__TASK__
Every line in the listing below from the one with "define p' where" through the one with "unfolding hamilton_traj_equations(3,4)[OF m" is to be reproduced exactly, both ends included; leave out the rest.

┄┄┄┄┄┄

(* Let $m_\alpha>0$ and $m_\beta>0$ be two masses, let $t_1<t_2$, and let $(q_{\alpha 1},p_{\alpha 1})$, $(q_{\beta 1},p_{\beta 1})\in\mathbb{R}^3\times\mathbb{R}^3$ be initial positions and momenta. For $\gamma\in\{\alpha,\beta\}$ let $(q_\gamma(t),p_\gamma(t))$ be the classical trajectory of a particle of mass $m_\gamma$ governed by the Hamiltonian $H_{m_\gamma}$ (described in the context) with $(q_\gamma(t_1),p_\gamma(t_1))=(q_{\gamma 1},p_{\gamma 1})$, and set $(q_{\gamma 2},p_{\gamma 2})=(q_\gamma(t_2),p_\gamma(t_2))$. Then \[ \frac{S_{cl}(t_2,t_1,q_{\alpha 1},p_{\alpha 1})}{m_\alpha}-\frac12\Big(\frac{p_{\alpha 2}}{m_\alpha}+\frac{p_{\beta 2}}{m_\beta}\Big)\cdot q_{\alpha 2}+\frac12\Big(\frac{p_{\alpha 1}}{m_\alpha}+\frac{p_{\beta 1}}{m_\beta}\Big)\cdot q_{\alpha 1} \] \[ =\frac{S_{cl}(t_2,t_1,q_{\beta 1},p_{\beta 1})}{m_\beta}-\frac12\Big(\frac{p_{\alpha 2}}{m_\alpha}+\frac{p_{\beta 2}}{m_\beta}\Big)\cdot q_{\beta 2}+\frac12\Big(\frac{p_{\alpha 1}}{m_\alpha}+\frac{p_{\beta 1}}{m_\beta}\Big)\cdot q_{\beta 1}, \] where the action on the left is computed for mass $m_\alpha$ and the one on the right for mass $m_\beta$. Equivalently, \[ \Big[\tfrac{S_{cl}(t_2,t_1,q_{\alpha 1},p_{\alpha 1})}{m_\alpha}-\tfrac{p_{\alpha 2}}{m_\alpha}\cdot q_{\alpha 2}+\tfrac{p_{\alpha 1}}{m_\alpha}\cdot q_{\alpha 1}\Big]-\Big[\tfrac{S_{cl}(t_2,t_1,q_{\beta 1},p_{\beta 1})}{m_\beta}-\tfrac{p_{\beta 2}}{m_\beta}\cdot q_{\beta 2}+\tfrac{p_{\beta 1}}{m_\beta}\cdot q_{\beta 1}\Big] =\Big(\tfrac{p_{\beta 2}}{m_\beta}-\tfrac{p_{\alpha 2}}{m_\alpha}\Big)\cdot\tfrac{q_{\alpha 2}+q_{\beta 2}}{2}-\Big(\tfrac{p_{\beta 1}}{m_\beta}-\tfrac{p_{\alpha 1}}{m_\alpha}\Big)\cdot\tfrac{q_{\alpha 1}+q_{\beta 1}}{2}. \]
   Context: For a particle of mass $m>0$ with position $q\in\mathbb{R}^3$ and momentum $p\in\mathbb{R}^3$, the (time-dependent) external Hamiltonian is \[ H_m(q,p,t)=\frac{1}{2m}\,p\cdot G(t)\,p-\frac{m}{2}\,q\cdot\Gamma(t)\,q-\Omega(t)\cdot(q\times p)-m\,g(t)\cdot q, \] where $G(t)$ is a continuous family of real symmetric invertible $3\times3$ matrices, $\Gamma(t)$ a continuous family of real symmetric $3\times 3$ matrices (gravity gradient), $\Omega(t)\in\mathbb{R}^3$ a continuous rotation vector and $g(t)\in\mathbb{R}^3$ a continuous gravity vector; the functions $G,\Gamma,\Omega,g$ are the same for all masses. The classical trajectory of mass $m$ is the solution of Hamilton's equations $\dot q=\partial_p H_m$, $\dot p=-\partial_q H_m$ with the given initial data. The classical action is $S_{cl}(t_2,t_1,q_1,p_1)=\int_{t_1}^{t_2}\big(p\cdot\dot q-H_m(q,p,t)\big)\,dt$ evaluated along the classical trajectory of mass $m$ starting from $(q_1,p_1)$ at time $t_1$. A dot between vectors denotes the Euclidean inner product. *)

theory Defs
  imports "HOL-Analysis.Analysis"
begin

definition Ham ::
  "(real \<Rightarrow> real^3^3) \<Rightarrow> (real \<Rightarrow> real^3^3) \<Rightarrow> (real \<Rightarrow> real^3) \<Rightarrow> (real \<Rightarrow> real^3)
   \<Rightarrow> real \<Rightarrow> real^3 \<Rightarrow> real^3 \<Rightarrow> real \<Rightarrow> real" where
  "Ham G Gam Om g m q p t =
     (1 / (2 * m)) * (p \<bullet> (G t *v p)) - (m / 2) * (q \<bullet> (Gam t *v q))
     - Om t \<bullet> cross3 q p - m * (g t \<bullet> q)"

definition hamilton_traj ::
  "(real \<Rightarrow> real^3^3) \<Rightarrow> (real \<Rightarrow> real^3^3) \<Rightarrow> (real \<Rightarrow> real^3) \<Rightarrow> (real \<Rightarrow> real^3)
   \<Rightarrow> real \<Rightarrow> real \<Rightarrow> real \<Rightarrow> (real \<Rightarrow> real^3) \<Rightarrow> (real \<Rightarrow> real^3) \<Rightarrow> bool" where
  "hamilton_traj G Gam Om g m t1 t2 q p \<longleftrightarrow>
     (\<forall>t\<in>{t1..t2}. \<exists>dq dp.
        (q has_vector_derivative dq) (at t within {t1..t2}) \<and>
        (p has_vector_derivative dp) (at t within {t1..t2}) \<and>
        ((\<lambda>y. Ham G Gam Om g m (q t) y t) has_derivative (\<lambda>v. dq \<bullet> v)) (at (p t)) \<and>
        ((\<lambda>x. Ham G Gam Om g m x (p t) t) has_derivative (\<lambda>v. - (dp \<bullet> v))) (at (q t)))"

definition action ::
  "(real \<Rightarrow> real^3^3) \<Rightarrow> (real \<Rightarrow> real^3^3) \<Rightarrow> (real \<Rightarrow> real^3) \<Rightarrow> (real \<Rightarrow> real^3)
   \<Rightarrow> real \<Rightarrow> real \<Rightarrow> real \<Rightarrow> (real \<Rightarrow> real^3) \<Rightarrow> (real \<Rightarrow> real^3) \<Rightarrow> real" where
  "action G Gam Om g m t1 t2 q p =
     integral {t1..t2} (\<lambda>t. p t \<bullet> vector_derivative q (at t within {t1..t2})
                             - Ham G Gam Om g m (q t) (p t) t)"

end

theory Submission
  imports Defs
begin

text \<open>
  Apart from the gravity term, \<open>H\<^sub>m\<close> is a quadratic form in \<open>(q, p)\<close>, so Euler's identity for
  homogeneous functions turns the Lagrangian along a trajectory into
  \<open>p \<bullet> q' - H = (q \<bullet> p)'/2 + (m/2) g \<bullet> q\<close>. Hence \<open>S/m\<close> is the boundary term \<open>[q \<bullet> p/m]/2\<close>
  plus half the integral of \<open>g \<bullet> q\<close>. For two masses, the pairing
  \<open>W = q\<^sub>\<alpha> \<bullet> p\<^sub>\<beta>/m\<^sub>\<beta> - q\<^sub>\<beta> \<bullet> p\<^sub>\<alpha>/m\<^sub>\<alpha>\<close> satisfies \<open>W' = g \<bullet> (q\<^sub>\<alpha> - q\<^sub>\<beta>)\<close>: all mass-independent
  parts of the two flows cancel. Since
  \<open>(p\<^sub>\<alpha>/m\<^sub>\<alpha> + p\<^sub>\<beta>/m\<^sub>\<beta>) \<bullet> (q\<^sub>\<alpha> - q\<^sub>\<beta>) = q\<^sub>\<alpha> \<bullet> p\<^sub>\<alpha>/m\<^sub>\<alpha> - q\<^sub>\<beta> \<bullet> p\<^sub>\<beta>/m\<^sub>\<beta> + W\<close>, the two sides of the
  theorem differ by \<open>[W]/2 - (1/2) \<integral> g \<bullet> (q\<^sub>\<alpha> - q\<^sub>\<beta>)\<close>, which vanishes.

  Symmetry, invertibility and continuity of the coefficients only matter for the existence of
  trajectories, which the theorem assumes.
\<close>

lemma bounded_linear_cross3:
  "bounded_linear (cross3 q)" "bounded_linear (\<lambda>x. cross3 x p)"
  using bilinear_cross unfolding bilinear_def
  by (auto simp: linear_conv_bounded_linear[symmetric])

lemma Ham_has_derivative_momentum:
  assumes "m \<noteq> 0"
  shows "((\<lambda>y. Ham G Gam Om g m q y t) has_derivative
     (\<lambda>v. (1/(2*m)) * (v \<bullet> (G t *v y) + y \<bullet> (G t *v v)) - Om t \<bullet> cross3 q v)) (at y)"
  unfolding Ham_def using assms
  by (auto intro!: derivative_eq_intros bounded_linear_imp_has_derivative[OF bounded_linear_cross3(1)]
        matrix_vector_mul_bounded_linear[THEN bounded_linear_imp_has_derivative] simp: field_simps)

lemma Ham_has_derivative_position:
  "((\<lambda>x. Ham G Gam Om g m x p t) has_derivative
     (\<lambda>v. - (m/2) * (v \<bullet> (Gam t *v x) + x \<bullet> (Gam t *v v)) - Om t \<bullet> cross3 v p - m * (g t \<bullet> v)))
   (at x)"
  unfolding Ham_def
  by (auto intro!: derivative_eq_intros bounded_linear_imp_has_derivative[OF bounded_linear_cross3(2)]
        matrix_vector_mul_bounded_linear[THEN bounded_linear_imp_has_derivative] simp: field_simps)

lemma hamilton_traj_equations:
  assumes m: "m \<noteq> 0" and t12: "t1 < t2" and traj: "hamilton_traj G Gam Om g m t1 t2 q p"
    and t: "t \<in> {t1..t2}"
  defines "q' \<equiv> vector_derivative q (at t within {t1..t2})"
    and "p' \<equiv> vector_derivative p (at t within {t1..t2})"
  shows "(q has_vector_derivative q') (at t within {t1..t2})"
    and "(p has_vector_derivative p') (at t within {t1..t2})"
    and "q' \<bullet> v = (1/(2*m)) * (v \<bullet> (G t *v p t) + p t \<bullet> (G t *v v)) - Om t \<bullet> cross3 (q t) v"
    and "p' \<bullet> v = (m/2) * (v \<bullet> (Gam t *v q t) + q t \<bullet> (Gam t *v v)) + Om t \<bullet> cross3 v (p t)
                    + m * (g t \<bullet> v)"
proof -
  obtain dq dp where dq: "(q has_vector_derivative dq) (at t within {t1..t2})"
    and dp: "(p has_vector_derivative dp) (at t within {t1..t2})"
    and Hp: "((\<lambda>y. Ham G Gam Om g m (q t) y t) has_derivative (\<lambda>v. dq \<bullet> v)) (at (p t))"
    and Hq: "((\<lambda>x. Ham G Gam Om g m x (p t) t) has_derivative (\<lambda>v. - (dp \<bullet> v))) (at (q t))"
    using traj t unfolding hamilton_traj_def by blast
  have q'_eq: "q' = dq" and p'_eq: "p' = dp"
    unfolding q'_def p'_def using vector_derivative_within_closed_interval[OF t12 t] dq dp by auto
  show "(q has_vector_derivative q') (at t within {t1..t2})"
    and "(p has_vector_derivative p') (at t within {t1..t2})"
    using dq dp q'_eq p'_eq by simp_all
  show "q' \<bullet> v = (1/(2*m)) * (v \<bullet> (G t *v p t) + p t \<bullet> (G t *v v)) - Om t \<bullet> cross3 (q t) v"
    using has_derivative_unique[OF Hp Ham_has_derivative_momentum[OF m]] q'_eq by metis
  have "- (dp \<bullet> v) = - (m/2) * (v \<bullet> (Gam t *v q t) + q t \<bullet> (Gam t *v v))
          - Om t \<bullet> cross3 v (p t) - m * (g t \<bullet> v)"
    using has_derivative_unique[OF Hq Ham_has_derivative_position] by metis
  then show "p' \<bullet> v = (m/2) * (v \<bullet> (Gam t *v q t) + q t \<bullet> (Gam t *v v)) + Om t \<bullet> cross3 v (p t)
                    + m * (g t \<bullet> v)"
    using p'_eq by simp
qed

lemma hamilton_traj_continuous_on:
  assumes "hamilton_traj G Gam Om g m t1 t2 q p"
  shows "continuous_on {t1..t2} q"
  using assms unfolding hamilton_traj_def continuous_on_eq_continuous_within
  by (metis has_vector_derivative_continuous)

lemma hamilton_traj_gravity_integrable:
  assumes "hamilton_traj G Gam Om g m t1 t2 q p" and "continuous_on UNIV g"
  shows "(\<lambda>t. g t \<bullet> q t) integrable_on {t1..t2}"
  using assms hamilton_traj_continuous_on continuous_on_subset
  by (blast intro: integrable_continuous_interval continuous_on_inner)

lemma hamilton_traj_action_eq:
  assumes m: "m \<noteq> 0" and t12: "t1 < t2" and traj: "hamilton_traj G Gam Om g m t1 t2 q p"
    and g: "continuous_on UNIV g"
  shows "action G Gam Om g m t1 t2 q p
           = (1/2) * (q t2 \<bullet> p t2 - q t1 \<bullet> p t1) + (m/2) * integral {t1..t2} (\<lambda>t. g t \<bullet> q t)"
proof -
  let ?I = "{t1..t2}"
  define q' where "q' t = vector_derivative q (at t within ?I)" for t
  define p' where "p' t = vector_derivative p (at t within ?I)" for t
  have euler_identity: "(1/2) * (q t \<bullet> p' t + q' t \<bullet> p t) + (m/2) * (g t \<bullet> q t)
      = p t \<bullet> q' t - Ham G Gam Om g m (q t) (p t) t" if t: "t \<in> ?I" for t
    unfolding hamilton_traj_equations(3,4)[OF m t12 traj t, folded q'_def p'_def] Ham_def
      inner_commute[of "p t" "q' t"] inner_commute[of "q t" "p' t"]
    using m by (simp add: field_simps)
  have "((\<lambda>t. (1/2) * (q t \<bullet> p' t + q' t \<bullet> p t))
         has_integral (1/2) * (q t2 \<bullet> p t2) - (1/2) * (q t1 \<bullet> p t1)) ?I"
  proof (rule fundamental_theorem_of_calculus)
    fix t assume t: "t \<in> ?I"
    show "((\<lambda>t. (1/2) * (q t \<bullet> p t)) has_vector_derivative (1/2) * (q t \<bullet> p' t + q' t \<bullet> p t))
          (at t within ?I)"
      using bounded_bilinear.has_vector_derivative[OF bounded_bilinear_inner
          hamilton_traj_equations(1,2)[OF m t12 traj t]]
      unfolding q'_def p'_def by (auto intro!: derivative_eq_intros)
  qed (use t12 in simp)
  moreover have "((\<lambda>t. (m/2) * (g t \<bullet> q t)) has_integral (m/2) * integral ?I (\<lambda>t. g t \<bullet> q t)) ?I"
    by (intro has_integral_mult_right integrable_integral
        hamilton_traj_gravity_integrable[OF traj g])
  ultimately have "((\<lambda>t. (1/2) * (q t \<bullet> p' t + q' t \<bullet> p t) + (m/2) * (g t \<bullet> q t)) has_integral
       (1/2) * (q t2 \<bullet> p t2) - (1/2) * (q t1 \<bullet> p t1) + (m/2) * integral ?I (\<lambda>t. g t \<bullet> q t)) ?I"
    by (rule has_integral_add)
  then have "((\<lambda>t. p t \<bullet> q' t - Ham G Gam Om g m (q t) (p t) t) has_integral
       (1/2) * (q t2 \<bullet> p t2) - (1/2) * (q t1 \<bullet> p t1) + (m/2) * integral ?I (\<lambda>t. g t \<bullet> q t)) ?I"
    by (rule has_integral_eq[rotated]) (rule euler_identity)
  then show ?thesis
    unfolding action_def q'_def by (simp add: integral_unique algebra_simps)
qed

┄┄┄┄┄┄

__RESULT__
  define p' where "p' t = vector_derivative p (at t within ?I)" for t
  have euler_identity: "(1/2) * (q t \<bullet> p' t + q' t \<bullet> p t) + (m/2) * (g t \<bullet> q t)
      = p t \<bullet> q' t - Ham G Gam Om g m (q t) (p t) t" if t: "t \<in> ?I" for t
    unfolding hamilton_traj_equations(3,4)[OF m t12 traj t, folded q'_def p'_def] Ham_def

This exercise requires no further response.